(Entries taken from a collection)
lemma mlp_step_eval:
  assumes k: "Suc k < T*N"
  shows "mlp_eval (mlp_step k) w oi = (if oi < d then w oi
    else if oi < d + d' then w oi + (if ends_product k then relu_prod K u c (w (prod_idx (oi - d))) (w (factor_idx (oi - d))) else 0)
    else if oi < d + 2*d' then (if ends_product k then 1 else relu_prod K u c (w (prod_idx (oi - (d+d')))) (w (factor_idx (oi - (d+d')))))
    else if oi < D then aff_eval (Ft (t_of (Suc k)) (n_of (Suc k))) w (oi - (d + 2*d'))
    else 0)"
proof -
  have e: "mlp_eval (mlp_step k) w oi = (if oi < D then (\<Sum>l<D. C_step k oi l * w l)
      + (\<Sum>i<d'. M_step k oi i * relu_prod K u c (w (prod_idx i)) (w (factor_idx i))) + b_step k oi else 0)"
    using k by (simp add: mlp_step_def prod_mlp_eval prod_factor_idx_lt_D)
  have next_step: "t_of (Suc k) < T" "n_of (Suc k) < N" using step_indices_bounded[OF k] by auto
  consider "oi < d + 2*d'" | "d + 2*d' \<le> oi" "oi < D" | "D \<le> oi" by linarith
  then show ?thesis
  proof cases
    case 1
    then have "oi < D" by (simp add: D_def)
    then show ?thesis using 1 unfolding e by (simp add: C_step_sum M_step_sum b_step_def)
  next
    case 2
    then have "oi - (d + 2*d') < d'" by (simp add: D_def)
    then show ?thesis
      using 2 unfolding e by (simp add: C_step_sum M_step_sum b_step_def aff_eval_Ft[OF next_step])
  qed (simp add: e D_def)
qed

lemma mlp_last_eval:
  assumes k: "Suc k = T*N"
  shows "mlp_eval (mlp_step k) w oi
     = (if oi < d' then w (d + oi) + relu_prod K u c (w (prod_idx oi)) (w (factor_idx oi)) else 0)"
proof -
  have e: "mlp_eval (mlp_step k) w oi = (if oi < d' then (\<Sum>l<D. C_last oi l * w l)
      + (\<Sum>i<d'. M_last oi i * relu_prod K u c (w (prod_idx i)) (w (factor_idx i))) else 0)"
    using k by (simp add: mlp_step_def prod_mlp_eval prod_factor_idx_lt_D)
  show ?thesis
  proof (cases "oi < d'")
    case True
    then have "d + oi < D" by (simp add: D_def)
    then show ?thesis
      unfolding e using True sum_indicator_mult[of "d + oi" D 1 w]
        sum_indicator_mult[OF True, of 1 "\<lambda>i. relu_prod K u c (w (prod_idx i)) (w (factor_idx i))"]
      by (simp add: C_last_def M_last_def)
  qed (simp add: e)
qed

What you will do:
Above are the records; copy each line from them that includes the string "unfolding".

Solution for this task:
    then show ?thesis using 1 unfolding e by (simp add: C_step_sum M_step_sum b_step_def)
      using 2 unfolding e by (simp add: C_step_sum M_step_sum b_step_def aff_eval_Ft[OF next_step])
      unfolding e using True sum_indicator_mult[of "d + oi" D 1 w]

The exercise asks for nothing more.